The AN-30 system has been designed to operate in the band, which occupies the license
exempt portion of the spectrum. This allows an operator to set up a wireless network
without requiring formal consent from the regulatory agent. While this provides great
advantages in terms of cost and time to market, the ease of access to the spectrum can
bring with it undesirable effects, such as potential interference arising from other users
exploiting the "free" band. By following the simple deployment guidelines in this
manual, issues of this nature can be avoided.
This section provides additional background material to section 6 of this manual,
including a description of the Link Budget tool, Fresnel zone considerations, height
calculations, interference issues and radar horizon considerations.
10.3.1.
The Link Budget Tool
Redline has developed a Link Budget Tool to help characterize the range performance of
the AN-30 system for LOS, OLOS (optical line of sight) and NLOS conditions and
various system parameters. The Link Budget Tool can be obtained by contacting your
Redline certified partner or system integrator. Note the tool provides a first-order
approximation, and does not consider the details of any specific terrain profile which may
impact performance; rather, a generalized terrain is used in the calculations, based on
empirical formulas approved by governing bodies such as the IEEE and ITU. Also, the
tool does not consider system parameter variations arising from temperature fluctuations,
cable loss tolerance, antenna alignment errors, etc.

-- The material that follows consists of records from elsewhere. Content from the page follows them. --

lemma gaussian_kernel_measurable:
  fixes f :: "real^'p \<Rightarrow> real^'n" and S :: "real^'n^'n"
  assumes f: "f \<in> borel_measurable borel"
    and subnormalized: "(\<integral>\<^sup>+ y. ennreal (gaussian_density S y) \<partial>lborel) \<le> 1"
    and P: "sets P = sets borel"
  shows "gaussian_kernel f S \<in> measurable P (subprob_algebra (borel \<Otimes>\<^sub>M borel))"
proof (rule measurable_subprob_algebra)
  fix x
  show "subprob_space (gaussian_kernel f S x)"
    using subnormalized by (intro subprob_spaceI) (simp_all add: emeasure_gaussian_kernel_space)
next
  fix B :: "((real^'p) \<times> (real^'n)) set"
  assume "B \<in> sets (borel \<Otimes>\<^sub>M borel)"
  then show "(\<lambda>x. emeasure (gaussian_kernel f S x) B) \<in> borel_measurable P"
    unfolding emeasure_gaussian_kernel[OF \<open>B \<in> _\<close>] measurable_cong_sets[OF P refl]
    by (rule measurable_emeasure_gaussian_vec_Pair[OF f])
qed simp

lemma distr_eq_null_measure:
  assumes "\<And>x. x \<in> space P \<Longrightarrow> K x \<notin> space N"
  shows "distr P N K = null_measure N"
  unfolding distr_def null_measure_def
proof (rule measure_of_eq)
  show "sets N \<subseteq> Pow (space N)"
    by (rule sets.space_closed)
  fix a assume "a \<in> sigma_sets (space N) (sets N)"
  then have "K -` a \<inter> space P = {}"
    using assms sets.sets_into_space by (auto simp: sets.sigma_sets_eq)
  then show "emeasure P (K -` a \<inter> space P) = 0"
    by simp
qed

text \<open>
  The Gaussian integral is never computed: normalisation is forced by the joint law being a
  probability measure. If the total mass exceeded 1, the kernel would not map into the
  subprobability measures and the bind would degenerate to the null measure.
\<close>

lemma gaussian_density_normalized_if_bind:
  fixes f :: "real^'p \<Rightarrow> real^'n" and S :: "real^'n^'n"
  assumes P: "prob_space P" "sets P = sets borel" and f: "f \<in> borel_measurable borel"
    and bind_prob: "prob_space (P \<bind> gaussian_kernel f S)"
  shows "(\<integral>\<^sup>+ y. ennreal (gaussian_density S y) \<partial>lborel) = 1"
proof -
  define Z where "Z = (\<integral>\<^sup>+ y. ennreal (gaussian_density S y) \<partial>lborel)"
  have space_P: "space P = UNIV"
    using sets_eq_imp_space_eq[OF P(2)] by simp
  have "emeasure (P \<bind> gaussian_kernel f S) UNIV = 1"
    using prob_space.emeasure_space_1[OF bind_prob] space_P by (simp add: space_pair_measure)
  moreover have "emeasure (P \<bind> gaussian_kernel f S) UNIV = (if Z \<le> 1 then Z else 0)"
  proof (cases "Z \<le> 1")
    case True
    have "gaussian_kernel f S \<in> measurable P (subprob_algebra (borel \<Otimes>\<^sub>M borel))"
      using True by (intro gaussian_kernel_measurable f P(2)) (simp add: Z_def)
    from emeasure_bind[OF _ this sets.top] show ?thesis
      using True prob_space.emeasure_space_1[OF P(1)]
      by (simp add: emeasure_gaussian_kernel_space Z_def space_P space_pair_measure)
  next
    case False
    define N where "N = subprob_algebra (borel \<Otimes>\<^sub>M borel :: ((real^'p) \<times> (real^'n)) measure)"
    have "gaussian_kernel f S x \<notin> space N" for x
    proof
      assume "gaussian_kernel f S x \<in> space N"
      then have "emeasure (gaussian_kernel f S x) UNIV \<le> 1"
        by (simp add: N_def space_subprob_algebra subprob_space.subprob_emeasure_le_1)
      then show False
        using False by (simp add: emeasure_gaussian_kernel_space Z_def)
    qed
    then have "distr P N (gaussian_kernel f S) = null_measure N"
      by (rule distr_eq_null_measure)
    moreover have "P \<bind> gaussian_kernel f S = join (distr P N (gaussian_kernel f S))"
      unfolding bind_nonempty[of P, unfolded space_P, simplified] N_def
      by (metis sets_gaussian_kernel subprob_algebra_cong)
    ultimately show ?thesis
      using False emeasure_join[of "null_measure N" "borel \<Otimes>\<^sub>M borel", OF _ sets.top]
      by (simp add: N_def space_pair_measure)
  qed
  ultimately show ?thesis
    by (simp add: Z_def split: if_splits)
qed

lemma measure_distr_eq_integral_gaussian_vec:
  fixes X0 :: "'w \<Rightarrow> real^'p" and X1 :: "'w \<Rightarrow> real^'n" and f :: "real^'p \<Rightarrow> real^'n"
    and S :: "real^'n^'n"
  assumes M: "prob_space M" and [measurable]: "X0 \<in> borel_measurable M" "X1 \<in> borel_measurable M"
    and f: "f \<in> borel_measurable borel"
    and normalized: "(\<integral>\<^sup>+ y. ennreal (gaussian_density S y) \<partial>lborel) = 1"
    and joint: "distr M (borel \<Otimes>\<^sub>M borel) (\<lambda>\<omega>. (X0 \<omega>, X1 \<omega>)) = distr M borel X0 \<bind> gaussian_kernel f S"
    and B: "B \<in> sets borel"
  shows "measure (distr M borel X1) B = (\<integral>x. measure (gaussian_vec (f x) S) B \<partial>distr M borel X0)"
proof -
  interpret M: prob_space M by (rule M)
  interpret P: prob_space "distr M borel X0" by (rule M.prob_space_distr) simp
  have UB: "UNIV \<times> B \<in> sets (borel \<Otimes>\<^sub>M borel :: ((real^'p) \<times> (real^'n)) measure)"
    using B by (intro pair_measureI) auto
  have "emeasure (distr M borel X1) B = emeasure (distr M (borel \<Otimes>\<^sub>M borel) (\<lambda>\<omega>. (X0 \<omega>, X1 \<omega>))) (UNIV \<times> B)"
    using B UB by (simp add: emeasure_distr vimage_def Int_def)
  also have "\<dots> = (\<integral>\<^sup>+ x. emeasure (gaussian_kernel f S x) (UNIV \<times> B) \<partial>distr M borel X0)"
    unfolding joint using normalized
    by (intro emeasure_bind[OF _ _ UB] gaussian_kernel_measurable f) simp_all
  also have "\<dots> = (\<integral>\<^sup>+ x. ennreal (measure (gaussian_vec (f x) S) B) \<partial>distr M borel X0)"
    using prob_space_gaussian_vec[OF normalized, unfolded prob_space_def]
    by (intro nn_integral_cong) (simp add: emeasure_gaussian_kernel UB finite_measure.emeasure_eq_measure)
  also have "\<dots> = ennreal (\<integral>x. measure (gaussian_vec (f x) S) B \<partial>distr M borel X0)"
  proof (rule nn_integral_eq_integral)
    have "(\<lambda>x. measure (gaussian_vec (f x) S) B) \<in> borel_measurable borel"
      using measurable_emeasure_gaussian_vec_Pair[OF f UB, of S] by (simp add: measure_def)
    then show "integrable (distr M borel X0) (\<lambda>x. measure (gaussian_vec (f x) S) B)"
      using prob_space.prob_le_1[OF prob_space_gaussian_vec[OF normalized]]
      by (intro P.integrable_const_bound[where B=1]) auto
  qed simp
  finally show ?thesis
    using B by (simp add: measure_def integral_nonneg)
qed

section \<open>Couplings\<close>

lemma lipschitz_measure_gaussian_vec:
  fixes f :: "real^'p \<Rightarrow> real^'n" and S :: "real^'n^'n"
  assumes lip: "L-lipschitz_on UNIV f" and pd: "pos_def_mat S"
    and normalized: "(\<integral>\<^sup>+ y. ennreal (gaussian_density S y) \<partial>lborel) = 1"
    and B: "B \<in> sets borel"
  shows "(L * sqrt (trace (matrix_inv S)) / 2)-lipschitz_on UNIV (\<lambda>x. measure (gaussian_vec (f x) S) B)"
proof (rule lipschitz_onI)
  have trace_nonneg: "0 \<le> trace (matrix_inv S)"
    by (rule pos_semidef_mat_trace_nonneg[OF pos_def_mat_imp_pos_semidef_inv[OF pd]])
  then show "0 \<le> L * sqrt (trace (matrix_inv S)) / 2"
    using lipschitz_on_nonneg[OF lip] by simp
  fix u v :: "real^'p"
  have "dist (measure (gaussian_vec (f u) S) B) (measure (gaussian_vec (f v) S) B)
      \<le> sqrt (trace (matrix_inv S)) / 2 * dist (f u) (f v)"
    unfolding dist_real_def dist_norm by (rule gaussian_vec_measure_diff_le[OF pd normalized B])
  also have "\<dots> \<le> sqrt (trace (matrix_inv S)) / 2 * (L * dist u v)"
    using lipschitz_onD[OF lip] trace_nonneg by (intro mult_left_mono) auto
  finally show "dist (measure (gaussian_vec (f u) S) B) (measure (gaussian_vec (f v) S) B)
      \<le> L * sqrt (trace (matrix_inv S)) / 2 * dist u v"
    by (simp add: ac_simps)
qed

lemma pair_measure_in_couplings:
  fixes P Q :: "('a::real_normed_vector) measure"
  assumes "prob_space P" "prob_space Q" and sets_P: "sets P = sets borel" and sets_Q: "sets Q = sets borel"
  shows "P \<Otimes>\<^sub>M Q \<in> couplings P Q"
proof -
  interpret PQ: pair_prob_space P Q
    by (simp add: assms pair_prob_space.intro pair_sigma_finite_def prob_space_imp_sigma_finite)
  have sets_PQ: "sets (P \<Otimes>\<^sub>M Q) = sets (borel \<Otimes>\<^sub>M borel)"
    by (rule sets_pair_measure_cong[OF sets_P sets_Q])
  have "distr (P \<Otimes>\<^sub>M Q) borel fst = distr (P \<Otimes>\<^sub>M Q) P fst"
    by (rule distr_cong) (simp_all add: sets_P)
  also have "\<dots> = P"
    by (rule PQ.M2.distr_pair_fst)
  finally have fst_marginal: "distr (P \<Otimes>\<^sub>M Q) borel fst = P" .
  have "distr (P \<Otimes>\<^sub>M Q) borel snd = Q"
  proof (rule measure_eqI)
    fix A assume "A \<in> sets (distr (P \<Otimes>\<^sub>M Q) borel snd)"
    then have A: "A \<in> sets Q"
      by (simp add: sets_Q)
    have "emeasure (distr (P \<Otimes>\<^sub>M Q) borel snd) A = emeasure (P \<Otimes>\<^sub>M Q) (snd -` A \<inter> space (P \<Otimes>\<^sub>M Q))"
      using A sets_Q by (intro emeasure_distr) (auto simp: measurable_cong_sets[OF sets_PQ refl])
    also have "snd -` A \<inter> space (P \<Otimes>\<^sub>M Q) = space P \<times> A"
      using sets.sets_into_space[OF A] by (auto simp: space_pair_measure)
    also have "emeasure (P \<Otimes>\<^sub>M Q) (space P \<times> A) = emeasure Q A"
      using A by (simp add: PQ.M2.emeasure_pair_measure_Times PQ.M1.emeasure_space_1)
    finally show "emeasure (distr (P \<Otimes>\<^sub>M Q) borel snd) A = emeasure Q A" .
  qed (simp add: sets_Q)
  then show ?thesis
    unfolding couplings_def using sets_PQ fst_marginal PQ.prob_space_axioms by auto
qed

The Link Budget Tool estimates the distance over which the system can operate at a
desired error rate while achieving robust communication. A link is considered robust if
the average error rate is less than 1 bit out of every 1000 million, expressed as 10-9, for an
availability of 99.99%. Availability is described in more detail below.
The table below describes the net data rate (after coding overhead) that can be obtained
for each modulation type in an ideal propagation situation.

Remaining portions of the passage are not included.